Сейчас иногда думаю: как же эта женщина любила моего отца, если хотела удочерить ребенка, рожденного от него другой женщиной! Что касается мамы, то она, мне кажется, порой жалела, что не выполнила ее просьбу. Не раз потом слышала брошенное в сердцах: «Из-за тебя мне было очень тяжело устроить личную жизнь: кому нужна тетка с «хвостом», когда кругом молодых девчонок полно, а мужиков после войны — раз-два и обчелся?! Токарев тоже хорош — знал, что скоро умрет, а ребенка все равно заставил рожать!» Любила ли мама Эдуарда Яковлева или вышла замуж только потому, что позвал, не знаю. А он обожал ее всю жизнь.

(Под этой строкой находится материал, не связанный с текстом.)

(* Let $d\in\mathbb N$, $\mathcal D=\{1,\dots,d\}$, $\mathbf u\subseteq\mathcal D$, let $w:\mathbb Z^d\to[1,\infty)$ be a weight function and $f\in \mathrm H^w(\mathbb T^d)$. Then for any weight function $w_{\mathbf u}:\mathbb Z^{|\mathbf u|}\to[1,\infty)$ with $$w_{\mathbf u}(\mathbf k_{\mathbf u})\le w(\mathbf k)\quad\text{for all }\mathbf k\in\mathbb Z^d\text{ with }\mathbf k_{\mathbf u^c}=\mathbf 0,$$ we have $\mathrm P_{\mathbf u}f\in \mathrm H^{w_{\mathbf u}}(\mathbb T^{|\mathbf u|})$ and $f_{\mathbf u}\in \mathrm H^{w_{\mathbf u}}(\mathbb T^{|\mathbf u|})$.
   Context: $\mathbb T=[0,1)$ with periodic identification; $c_{\mathbf k}(g)=\int_{\mathbb T^m} g(\mathbf x)e^{-2\pi i\mathbf k\cdot\mathbf x}\,d\mathbf x$. For a weight $v:\mathbb Z^m\to[1,\infty)$ the Sobolev type space is $\mathrm H^{v}(\mathbb T^m)=\{g\in \mathrm L_2(\mathbb T^m): \|g\|_{\mathrm H^v}=(\sum_{\mathbf k\in\mathbb Z^m}v(\mathbf k)^2|c_{\mathbf k}(g)|^2)^{1/2}<\infty\}$. For $\mathbf u\subseteq\mathcal D$, $\mathbf u^c=\mathcal D\setminus\mathbf u$, $\mathbf x_{\mathbf u}=(x_i)_{i\in\mathbf u}$, and $\mathbf k_{\mathbf u}$ analogously. The projection is $\mathrm P_{\mathbf u}f(\mathbf x_{\mathbf u})=\int_{\mathbb T^{|\mathbf u^c|}}f(\mathbf x)\,d\mathbf x_{\mathbf u^c}$; the ANOVA terms are defined recursively by $f_{\mathbf u}=\mathrm P_{\mathbf u}f-\sum_{\mathbf v\subsetneq\mathbf u}f_{\mathbf v}$; both are regarded as functions on $\mathbb T^{|\mathbf u|}$. Convention $\mathbb Z^{0}=\{0\}$. *)

theory Defs
  imports "HOL-Probability.Probability"
begin
(* Let $x:M\to\mathbb{R}^3$ be a smooth immersed oriented surface with Gauss map $N$ whose mean curvature satisfies $2H=a(x_1^2+x_2^2)+b$ for constants $a,b\in\mathbb{R}$. Then both functions $N_3=\langle N,E_3\rangle$ and $\psi=\langle x\wedge N,E_3\rangle$ satisfy $$\Delta u+\big(|\sigma|^2-2a(h-x_3N_3)\big)u=0\quad\text{on }M.$$
   Context: $E_1,E_2,E_3$ is the standard basis of $\mathbb{R}^3$, $\wedge$ the cross product, $x_i=\langle x,E_i\rangle$. $\Delta$ is the Laplace–Beltrami operator of the induced metric, $\sigma$ the second fundamental form, $h=\langle N,x\rangle$ the support function, and the mean curvature $H$ is defined with respect to $N$ by $\Delta x=2HN$. *)

theory Defs
  imports "HOL-Analysis.Analysis"
begin

text \<open>Local setting: a surface patch x : U \<rightarrow> R^3, U an open subset of R^2 = real \<times> real,
  coordinates (u,v).  All notions below are the standard coordinate expressions.\<close>

text \<open>Partial derivatives with respect to u (index False) and v (index True).\<close>
definition pd :: "bool \<Rightarrow> (real \<times> real \<Rightarrow> 'a::real_normed_vector) \<Rightarrow> real \<times> real \<Rightarrow> 'a" where
  "pd j f p = frechet_derivative f (at p) (if j then (0, 1) else (1, 0))"

fun ipd :: "bool list \<Rightarrow> (real \<times> real \<Rightarrow> 'a::real_normed_vector) \<Rightarrow> real \<times> real \<Rightarrow> 'a" where
  "ipd [] f = f"
| "ipd (j # js) f = pd j (ipd js f)"

definition smooth_on :: "(real \<times> real) set \<Rightarrow> (real \<times> real \<Rightarrow> 'a::real_normed_vector) \<Rightarrow> bool" where
  "smooth_on U f \<longleftrightarrow> (\<forall>js. ipd js f differentiable_on U)"

definition E :: "3 \<Rightarrow> real^3" where
  "E i = axis i 1"

definition gmet :: "(real \<times> real \<Rightarrow> real^3) \<Rightarrow> bool \<Rightarrow> bool \<Rightarrow> real \<times> real \<Rightarrow> real" where
  "gmet x i j p = pd i x p \<bullet> pd j x p"

definition gdet :: "(real \<times> real \<Rightarrow> real^3) \<Rightarrow> real \<times> real \<Rightarrow> real" where
  "gdet x p = gmet x False False p * gmet x True True p - gmet x False True p * gmet x True False p"

definition ginv :: "(real \<times> real \<Rightarrow> real^3) \<Rightarrow> bool \<Rightarrow> bool \<Rightarrow> real \<times> real \<Rightarrow> real" where
  "ginv x i j p = (if i = j then gmet x (\<not> i) (\<not> j) p else - gmet x i j p) / gdet x p"

definition lapl :: "(real \<times> real \<Rightarrow> real^3) \<Rightarrow> (real \<times> real \<Rightarrow> real) \<Rightarrow> real \<times> real \<Rightarrow> real" where
  "lapl x f p = (1 / sqrt (gdet x p)) *
     (\<Sum>i\<in>(UNIV::bool set). pd i (\<lambda>q. sqrt (gdet x q) *
        (\<Sum>j\<in>(UNIV::bool set). ginv x i j q * pd j f q)) p)"

definition lapl_vec :: "(real \<times> real \<Rightarrow> real^3) \<Rightarrow> (real \<times> real \<Rightarrow> real^3) \<Rightarrow> real \<times> real \<Rightarrow> real^3" where
  "lapl_vec x F p = (\<chi> k. lapl x (\<lambda>q. F q $ k) p)"

text \<open>Mean curvature with respect to N, defined by \<Delta>x = 2HN (the normal component of \<Delta>x / 2).\<close>
definition mean_curv :: "(real \<times> real \<Rightarrow> real^3) \<Rightarrow> (real \<times> real \<Rightarrow> real^3) \<Rightarrow> real \<times> real \<Rightarrow> real" where
  "mean_curv x N p = (lapl_vec x x p \<bullet> N p) / 2"

definition sff :: "(real \<times> real \<Rightarrow> real^3) \<Rightarrow> (real \<times> real \<Rightarrow> real^3) \<Rightarrow> bool \<Rightarrow> bool \<Rightarrow> real \<times> real \<Rightarrow> real" where
  "sff x N i j p = pd i (pd j x) p \<bullet> N p"

definition sff_norm2 :: "(real \<times> real \<Rightarrow> real^3) \<Rightarrow> (real \<times> real \<Rightarrow> real^3) \<Rightarrow> real \<times> real \<Rightarrow> real" where
  "sff_norm2 x N p = (\<Sum>i\<in>UNIV. \<Sum>j\<in>UNIV. \<Sum>k\<in>UNIV. \<Sum>l\<in>UNIV.
      ginv x i k p * ginv x j l p * sff x N i j p * sff x N k l p)"

definition support :: "(real \<times> real \<Rightarrow> real^3) \<Rightarrow> (real \<times> real \<Rightarrow> real^3) \<Rightarrow> real \<times> real \<Rightarrow> real" where
  "support x N p = N p \<bullet> x p"

definition immersed_patch_with_gauss_map ::
  "(real \<times> real) set \<Rightarrow> (real \<times> real \<Rightarrow> real^3) \<Rightarrow> (real \<times> real \<Rightarrow> real^3) \<Rightarrow> bool" where
  "immersed_patch_with_gauss_map U x N \<longleftrightarrow> open U \<and> smooth_on U x \<and> smooth_on U N \<and>
     (\<forall>p\<in>U. cross3 (pd False x p) (pd True x p) \<noteq> 0 \<and> norm (N p) = 1 \<and>
        N p \<bullet> pd False x p = 0 \<and> N p \<bullet> pd True x p = 0)"

end

theory Submission
  imports Defs
begin

(*
  Both functions are shown to be Jacobi fields of  \<Delta> + |\<sigma>|\<^sup>2 - 2a(h - x\<^sub>3N\<^sub>3)  by computing
  the Laplacian of the Gauss map N in local coordinates (u,v):

  (1) Calculus on the plane: rules for the partial derivatives  pd j  and Schwarz's
      theorem on the symmetry of mixed partials, proved from the mean value theorem.
  (2) For an immersed patch the Laplace-Beltrami operator reads
        \<Delta>f = g\<^sup>i\<^sup>j f\<^sub>i\<^sub>j + C\<^sup>j f\<^sub>j   with   C\<^sup>j = - g\<^sup>k\<^sup>l g\<^sup>j\<^sup>m \<langle>x\<^sub>k\<^sub>l, x\<^sub>m\<rangle>,
      hence \<Delta>x is normal:  \<Delta>x = (g\<^sup>i\<^sup>j h\<^sub>i\<^sub>j) N = 2H N.
  (3) The Weingarten equations and the symmetry of third derivatives of x (Codazzi)
      give  \<Delta>N = -|\<sigma>|\<^sup>2 N - grad(2H).
  (4) If 2H = a(x\<^sub>1\<^sup>2 + x\<^sub>2\<^sup>2) + b, then grad(2H) is 2a times the tangential part of
      P = x\<^sub>1E\<^sub>1 + x\<^sub>2E\<^sub>2.  Moreover \<Delta>(x \<times> N) = x \<times> \<Delta>N, because \<Delta>x is parallel to N and
      the mixed term g\<^sup>i\<^sup>j (x\<^sub>i \<times> N\<^sub>j + x\<^sub>j \<times> N\<^sub>i) vanishes by symmetry of the shape operator.
  The theorem follows by taking third components, using \<langle>P, E\<^sub>3\<rangle> = 0, (x \<times> P)\<^sub>3 = 0 and
  \<langle>P, N\<rangle> = h - x\<^sub>3N\<^sub>3.
*)

section \<open>Partial derivatives on the plane\<close>

definition dir :: "bool \<Rightarrow> real \<times> real" where
  "dir j = (if j then (0, 1) else (1, 0))"
lemma measure_mu_free_ge:
  assumes "k \<ge> 2" "C \<in> sets (free_space k l)" "C \<subseteq> free_simplex k l"
  shows "measure (free_space k l) C \<le> measure (mu_free k l) C"
proof -
  let ?vol = "measure (free_space k l) (free_simplex k l)"
  have finite: "emeasure (free_space k l) (free_simplex k l) \<noteq> \<infinity>"
    using emeasure_free_simplex_le_1[of k l] by (auto simp: neq_top_trans[OF ennreal_one_neq_top])
  have pos: "emeasure (free_space k l) (free_simplex k l) \<noteq> 0"
    using emeasure_free_simplex_pos[OF assms(1), of l] by auto
  have "measure (mu_free k l) C = measure (free_space k l) C / ?vol"
    unfolding mu_free_def using assms finite pos by (simp add: Int_absorb1)
  moreover have "?vol \<le> 1"
    using emeasure_free_simplex_le_1 finite by (simp add: measure_def enn2real_leI)
  moreover have "0 < ?vol"
    using finite pos by (simp add: emeasure_eq_ennreal_measure measure_nonneg order_less_le)
  ultimately show ?thesis
    by (simp add: le_divide_eq measure_nonneg mult_left_le)
qed

lemma W_integral_ge_near:
  fixes f :: "(nat \<Rightarrow> nat \<Rightarrow> real) \<Rightarrow> real"
  assumes "k \<ge> 2" "0 < \<theta>" "\<theta> \<le> 1" "w \<in> Wpar k l" "0 \<le> a"
    and meas: "(\<lambda>v. f (free_lift k l v)) \<in> borel_measurable (free_space k l)"
    and bounds: "\<And>w'. w' \<in> Wpar k l \<Longrightarrow> 0 \<le> f w' \<and> f w' \<le> B"
    and near: "\<And>w'. w' \<in> Wpar k l \<Longrightarrow> free_dist k l w' w \<le> real (l * (k - 1)) * \<theta> \<Longrightarrow> a \<le> f w'"
  shows "a * (\<theta> / real k) ^ (l * (k - 1)) \<le> W_integral k l f"
proof -
  interpret prob_space "mu_free k l" using assms(1) by (rule prob_space_mu_free)
  define C where "C = simplex_cube k l \<theta> w"
  have C_sets: "C \<in> sets (free_space k l)"
    unfolding C_def by (rule sets_simplex_cube)
  have C_sub: "C \<subseteq> free_simplex k l"
    unfolding C_def using assms by (intro simplex_cube_subset_free_simplex) auto
  then have C_space: "C \<inter> space (mu_free k l) = C"
    unfolding mu_free_def free_simplex_def by auto
  have "a * (\<theta> / real k) ^ (l * (k - 1)) \<le> a * measure (mu_free k l) C"
    using measure_simplex_cube[of \<theta> k l w] measure_mu_free_ge[OF assms(1) C_sets C_sub] assms(2,5)
    unfolding C_def by (intro mult_left_mono) auto
  also have "\<dots> = (\<integral>v. a * indicator C v \<partial>mu_free k l)"
    using C_space by simp
  also have "\<dots> \<le> (\<integral>v. f (free_lift k l v) \<partial>mu_free k l)"
  proof (rule integral_mono_AE)
    show "integrable (mu_free k l) (\<lambda>v. a * indicator C v)"
      using C_sets assms(1,5) by (intro integrable_mu_free[where B=a]) (auto simp: indicator_def)
    show "integrable (mu_free k l) (\<lambda>v. f (free_lift k l v))"
      using assms(1) meas bounds free_lift_in_Wpar by (intro integrable_mu_free[where B=B]) force+
    show "AE v in mu_free k l. a * indicator C v \<le> f (free_lift k l v)"
    proof (rule AE_mu_free)
      fix v assume "v \<in> free_simplex k l"
      then have "free_lift k l v \<in> Wpar k l" using assms(1) by (rule free_lift_in_Wpar)
      then show "a * indicator C v \<le> f (free_lift k l v)"
        using bounds near free_dist_simplex_cube[of v k l \<theta> w] assms(2,4)
        unfolding C_def by (auto simp: indicator_def)
    qed
  qed
  finally show ?thesis unfolding W_integral_def .
qed

section \<open>Wealth of a strategy\<close>

lemma strategyD:
  assumes "strategy m k l S" "market m x" "w \<in> Wpar k l"
  shows "\<And>i. i < m \<Longrightarrow> 0 \<le> S t x w i" "(\<Sum>i<m. S t x w i) = 1"
  using assms unfolding strategy_def by blast+

lemma strategy_le_1:
  assumes "strategy m k l S" "market m x" "w \<in> Wpar k l" "i < m"
  shows "S t x w i \<le> 1"
  using member_le_sum[of i "{..<m}" "S t x w"] strategyD[OF assms(1-3)] assms(4) by simp

lemma strategy_measurable:
  "strategy m k l S \<Longrightarrow> market m x \<Longrightarrow> i < m
    \<Longrightarrow> (\<lambda>v. S t x (free_lift k l v) i) \<in> borel_measurable (free_space k l)"
  unfolding strategy_def by blast

lemma daily_return_bounds:
  assumes "strategy m k l S" "market m x" "w \<in> Wpar k l"
  shows "0 < Min (x t ` {..<m})"
    and "Min (x t ` {..<m}) \<le> (\<Sum>i<m. S t x w i * x t i)"
    and "(\<Sum>i<m. S t x w i * x t i) \<le> (\<Sum>i<m. x t i)"
proof -
  have "m \<noteq> 0" using strategyD(2)[OF assms, where t=t] by (cases m) auto
  then show "0 < Min (x t ` {..<m})"
    using assms(2) by (subst Min_gr_iff) (auto simp: market_def)
  have "Min (x t ` {..<m}) = (\<Sum>i<m. S t x w i * Min (x t ` {..<m}))"
    using strategyD(2)[OF assms] by (simp add: sum_distrib_right[symmetric])
  also have "\<dots> \<le> (\<Sum>i<m. S t x w i * x t i)"
    using strategyD(1)[OF assms] by (intro sum_mono mult_left_mono) auto
  finally show "Min (x t ` {..<m}) \<le> (\<Sum>i<m. S t x w i * x t i)" .
  show "(\<Sum>i<m. S t x w i * x t i) \<le> (\<Sum>i<m. x t i)"
    using strategy_le_1[OF assms] strategyD(1)[OF assms] assms(2)
    by (intro sum_mono mult_left_le_one_le) (auto simp: market_def less_imp_le)
qed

Судя по единственной в нашем семейном архиве фотографии отца, я очень на него похожа.

Какие чувства эта схожесть вызывала в душе мамы, сказать трудно. Но в детстве и юности я часто слышала от нее: «Посмотри на сестру — красавица! А у тебя не лицо, а луна!» А уж когда пошли подростковые прыщи, наслушалась о своей внешности такого, что и вспоминать не хочется. Ради справедливости скажу, что именно мама избавила меня от жуткой красной сыпи, принося свежее, только что сваренное пиво. Узнав от кого-то о «лучшем средстве от прыщей», каждый день после работы, сделав крюк, она заходила на пивной заводик и тащила тяжелую банку домой. Пила я «лекарство» с большим удовольствием и по сей день предпочитаю хорошее пиво любым другим напиткам, в том числе и крепким.

Не могу не быть благодарной маме и за то, что тайком от Эдуарда Семеновича она отправила меня в Москву.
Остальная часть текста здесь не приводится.